On the other hand, if the DSM-V classifies certain gender-identity conditions as not a disorder, the impact on civil litigation could be equally great: Does health insurance have to cover a condition the scientific community considers to be normal, if rare? In such a case wouldn’t treatment be considered merely cosmetic? And if the DSM-V classifies these conditions as a disorder, then is the proper health-care domain an operating room or a psychologist’s office? And, will a federalized health-care system make one or the other of these treatments mandatory (the cheaper option, no doubt)?

Delusions vs. Hallucinations

Even today under the DSM-IV regime, a defendant usually has to be hallucinating, not simply delusional, in order for a lay jury to understand that he or she is legally insane. The “fake Rockefeller,” for example, was unable to convince a jury that he actually believed he was a Rockefeller. He was clearly delusional, though. He clearly thought he had a right to kidnap his daughter.

According to the Economist, in addition the DSM-V will require psychologists to assign a severity classification to all mental disorders, whether they involve hallucinations or delusions. How will a jury be able to decide if the defense’s expert opinion is correct (that a defendant has the most severe form of a disorder) or the prosecution’s (that a defendant has a less severe form)?

Honestly, no jury is competent to decide between dueling experts.

Blind Them with Science

It’s time the Supreme Court recognized that “peer-reviewed science” isn’t the same thing as fact.

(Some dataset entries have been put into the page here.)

(* Let $L\ge 2$ and let $S=(d,N_1,\dots,N_{L-1},1)$ be a neural network architecture. Let $\varrho:\mathbb{R}\to\mathbb{R}$ satisfy: (i) $\varrho$ is continuous and increasing; (ii) there is $x_0\in\mathbb{R}$ such that $\varrho$ is differentiable at $x_0$ with $\varrho'(x_0)\ne 0$; (iii) there is $r>0$ such that $\varrho|_{(-\infty,-r)\cup(r,\infty)}$ is differentiable; (iv) at least one of: (a) there are $\lambda,\lambda'\ge 0$ with $\lambda\ne\lambda'$ such that $\varrho'(x)\to\lambda$ as $x\to\infty$ and $\varrho'(x)\to\lambda'$ as $x\to-\infty$, and $N_{L-1}\ge 2$; or (b) $\varrho$ is bounded. Let $B>0$ and let $\mu$ be a finite Borel measure on $[-B,B]^d$ whose support $\operatorname{supp}\mu$ is uncountable. Then $\mathcal{RNN}_\varrho^{[-B,B]^d}(S)$ is not closed in $L^p(\mu)$ for any $p\in(0,\infty)$. More precisely, there is $f\in L^\infty(\mu)$ such that, for every $p\in(0,\infty)$, $f$ belongs to the closure of $\mathcal{RNN}_\varrho^{[-B,B]^d}(S)$ in $L^p(\mu)$ but $f\notin\mathcal{RNN}_\varrho^{[-B,B]^d}(S)$.
   Context: A neural network with architecture $S=(N_0,\dots,N_L)$ ($N_0=d$) is a family $\Phi=((A_\ell,b_\ell))_{\ell=1}^L$, $A_\ell\in\mathbb{R}^{N_\ell\times N_{\ell-1}}$, $b_\ell\in\mathbb{R}^{N_\ell}$; $\mathcal{NN}(S)$ is the set of these. For $\varrho:\mathbb{R}\to\mathbb{R}$ and $\Omega\subset\mathbb{R}^d$, $\mathrm{R}_\varrho^\Omega(\Phi):\Omega\to\mathbb{R}^{N_L}$, $x\mapsto x_L$, where $x_0=x$, $x_\ell=\varrho(A_\ell x_{\ell-1}+b_\ell)$ for $1\le\ell\le L-1$ (componentwise), $x_L=A_Lx_{L-1}+b_L$; $\mathcal{RNN}_\varrho^\Omega(S)=\{\mathrm{R}_\varrho^\Omega(\Phi):\Phi\in\mathcal{NN}(S)\}$, regarded as a subset of $L^p(\mu)$ (functions identified $\mu$-a.e.). *)

theory Defs
  imports "HOL-Analysis.Analysis"
begin
(* Let $w\in\mathbb{R}^n$ be a strictly positive vector and $\mu>0$, and define $f_i^*=\min\{1,\mu/w_i\}$ for $i\in[n]$. Then for any matrix $A\in\mathbb{R}^{n\times n}$, $$\sup_{f\in\mathbb{R}^n:\ \|f\|_{w,1}\le\mu,\ \|f\|_1\le1}\left\{f^\top Af\right\}\le4\sup_{i,j\in[n]}\left\{f_i^*|A_{ij}|f_j^*\right\}.$$
   Context: $\|f\|_{w,1}=\sum_i w_i|f_i|$ denotes the weighted $\ell_1$-norm and $\|f\|_1=\sum_i|f_i|$. *)

theory Defs
  imports "HOL-Analysis.Analysis"
begin

definition wl1_norm :: "real ^ 'n \<Rightarrow> real ^ 'n \<Rightarrow> real" where
  "wl1_norm w f = (\<Sum>i\<in>UNIV. w $ i * \<bar>f $ i\<bar>)"

definition l1_norm :: "real ^ 'n \<Rightarrow> real" where
  "l1_norm f = (\<Sum>i\<in>UNIV. \<bar>f $ i\<bar>)"

end

theory Submission
  imports Defs
begin

text \<open>Put \<open>g\<^sub>i = \<bar>f\<^sub>i\<bar> / f\<^sup>*\<^sub>i\<close>. Each term \<open>f\<^sub>i A\<^sub>i\<^sub>j f\<^sub>j\<close> is at most
  \<open>g\<^sub>i g\<^sub>j \<cdot> f\<^sup>*\<^sub>i \<bar>A\<^sub>i\<^sub>j\<bar> f\<^sup>*\<^sub>j\<close>, so the quadratic form is at most \<open>M (\<Sum>\<^sub>i g\<^sub>i)\<^sup>2\<close>, where \<open>M\<close>
  is the supremum on the right. Since \<open>1 / f\<^sup>*\<^sub>i = max 1 (w\<^sub>i / \<mu>) \<le> 1 + w\<^sub>i / \<mu>\<close>, the two norm
  constraints give \<open>\<Sum>\<^sub>i g\<^sub>i \<le> \<parallel>f\<parallel>\<^sub>1 + \<parallel>f\<parallel>\<^sub>w\<^sub>,\<^sub>1 / \<mu> \<le> 2\<close>.\<close>

lemma quadratic_form_le_rescaled_entry_bound:
  fixes A :: "real ^ 'n ^ 'n" and f s :: "real ^ 'n"
  assumes s_pos: "\<And>i. s $ i > 0"
    and entry_le: "\<And>i j. s $ i * \<bar>A $ i $ j\<bar> * s $ j \<le> M"
  shows "f \<bullet> (A *v f) \<le> M * (\<Sum>i\<in>UNIV. \<bar>f $ i\<bar> / s $ i)\<^sup>2"
proof -
  define g where "g i = \<bar>f $ i\<bar> / s $ i" for i
  have term_le: "f $ i * (A $ i $ j * f $ j) \<le> M * (g i * g j)" for i j
  proof -
    have "f $ i * (A $ i $ j * f $ j) \<le> \<bar>f $ i\<bar> * \<bar>A $ i $ j\<bar> * \<bar>f $ j\<bar>"
      by (metis abs_ge_self abs_mult mult.assoc)
    also have "\<dots> = (g i * g j) * (s $ i * \<bar>A $ i $ j\<bar> * s $ j)"
      unfolding g_def using s_pos[of i] s_pos[of j] by (simp add: field_simps)
    also have "\<dots> \<le> (g i * g j) * M"
      using s_pos[of i] s_pos[of j] by (intro mult_left_mono entry_le) (simp add: g_def)
    finally show ?thesis by (simp add: mult.commute)
  qed
  have "f \<bullet> (A *v f) = (\<Sum>i\<in>UNIV. \<Sum>j\<in>UNIV. f $ i * (A $ i $ j * f $ j))"
    by (simp add: inner_vec_def matrix_vector_mult_def sum_distrib_left)
  also have "\<dots> \<le> (\<Sum>i\<in>UNIV. \<Sum>j\<in>UNIV. M * (g i * g j))"
    by (intro sum_mono term_le)
  also have "\<dots> = M * (\<Sum>i\<in>UNIV. g i)\<^sup>2"
    by (simp add: power2_eq_square sum_distrib_left sum_distrib_right mult.assoc mult.commute)
  finally show ?thesis unfolding g_def .
qed

lemma sum_abs_div_min_one_le:
  fixes w f :: "real ^ 'n" and \<mu> :: real
  assumes w_pos: "\<And>i. w $ i > 0" and mu_pos: "\<mu> > 0"
  shows "(\<Sum>i\<in>UNIV. \<bar>f $ i\<bar> / min 1 (\<mu> / w $ i)) \<le> l1_norm f + wl1_norm w f / \<mu>"
proof -
  have "\<bar>f $ i\<bar> / min 1 (\<mu> / w $ i) \<le> \<bar>f $ i\<bar> + w $ i * \<bar>f $ i\<bar> / \<mu>" for i
  proof (cases "1 \<le> \<mu> / w $ i")
    case True
    then show ?thesis
      using w_pos[of i] mu_pos by simp
  next
    case False
    then have "\<bar>f $ i\<bar> / min 1 (\<mu> / w $ i) = w $ i * \<bar>f $ i\<bar> / \<mu>"
      using w_pos[of i] mu_pos by simp
    then show ?thesis
      by simp
  qed
  then have "(\<Sum>i\<in>UNIV. \<bar>f $ i\<bar> / min 1 (\<mu> / w $ i))
               \<le> (\<Sum>i\<in>UNIV. \<bar>f $ i\<bar> + w $ i * \<bar>f $ i\<bar> / \<mu>)"
    by (rule sum_mono)
  also have "\<dots> = l1_norm f + wl1_norm w f / \<mu>"
    unfolding l1_norm_def wl1_norm_def by (simp add: sum.distrib sum_divide_distrib)
  finally show ?thesis .
qed

theorem lemma4:
  fixes w :: "real ^ 'n" and \<mu> :: real and A :: "real ^ 'n ^ 'n"
  assumes w_pos: "\<forall>i. w $ i > 0"
    and mu_pos: "\<mu> > 0"
  defines "fstar \<equiv> (\<lambda>i. min 1 (\<mu> / w $ i))"
  shows "(SUP f \<in> {f :: real ^ 'n. wl1_norm w f \<le> \<mu> \<and> l1_norm f \<le> 1}. f \<bullet> (A *v f))
           \<le> 4 * (SUP ij \<in> (UNIV :: ('n \<times> 'n) set).
                     fstar (fst ij) * \<bar>A $ fst ij $ snd ij\<bar> * fstar (snd ij))"
proof -
  define M where "M = (SUP ij \<in> (UNIV :: ('n \<times> 'n) set).
                     fstar (fst ij) * \<bar>A $ fst ij $ snd ij\<bar> * fstar (snd ij))"
  define s where "s = (\<chi> i. fstar i)"
  have s_pos: "s $ i > 0" for i
    using w_pos mu_pos unfolding s_def fstar_def by auto
  have entry_le: "s $ i * \<bar>A $ i $ j\<bar> * s $ j \<le> M" for i j
    unfolding M_def s_def by (rule cSUP_upper2[where x="(i, j)"]) auto
  have M_nonneg: "0 \<le> M"
    using entry_le[of undefined undefined] s_pos
    by (meson mult_nonneg_nonneg abs_ge_zero less_imp_le order_trans)
  have "f \<bullet> (A *v f) \<le> 4 * M" if "wl1_norm w f \<le> \<mu>" "l1_norm f \<le> 1" for f
  proof -
    have "(\<Sum>i\<in>UNIV. \<bar>f $ i\<bar> / s $ i) \<le> l1_norm f + wl1_norm w f / \<mu>"
      using sum_abs_div_min_one_le[of w \<mu> f] w_pos mu_pos by (simp add: s_def fstar_def)
    also have "\<dots> \<le> 2"
      using that mu_pos divide_le_eq_1_pos[of \<mu> "wl1_norm w f"] by linarith
    finally have "(\<Sum>i\<in>UNIV. \<bar>f $ i\<bar> / s $ i)\<^sup>2 \<le> 2\<^sup>2"
      by (intro power_mono sum_nonneg divide_nonneg_pos abs_ge_zero s_pos)
    then have "M * (\<Sum>i\<in>UNIV. \<bar>f $ i\<bar> / s $ i)\<^sup>2 \<le> 4 * M"
      using mult_left_mono[OF _ M_nonneg] by fastforce
    with quadratic_form_le_rescaled_entry_bound[OF s_pos entry_le, of f] show ?thesis
      by linarith
  qed
  moreover have "(0 :: real ^ 'n) \<in> {f. wl1_norm w f \<le> \<mu> \<and> l1_norm f \<le> 1}"
    using mu_pos by (simp add: wl1_norm_def l1_norm_def)
  ultimately show ?thesis
    unfolding M_def[symmetric] by (intro cSUP_least) auto
qed

end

The legal definition of insanity also needs to be rewritten, and a judge, not a jury, should decide when a defendant is insane. It wouldn’t be that much different from other judicial responsibilities. After all, judges decide when an elderly person is incompetent and needs a guardian. Judges also decide when a defendant is competent to stand trial. If a defendant wishes to plead innocent by reason of insanity, a judge should hear the expert witnesses’ opinions and choose among them.

The only legal impediment to this sane approach is that no one is able to plead guilty to a capital offense. By pleading insanity, a defendant in effect is pleading guilty, even though denying responsibility. (I understand why: some people are so crazy they repeatedly plead guilty to other people’s crimes.)

But if we abolish the death penalty, the problem goes away. And if we permit defendants to plead guilty to crimes for which the penalty is life imprisonment without parole, then we spare the public the extreme expense of trying obviously guilty, serial criminals (as Kansas was spared a trial of the B-T-K Killer).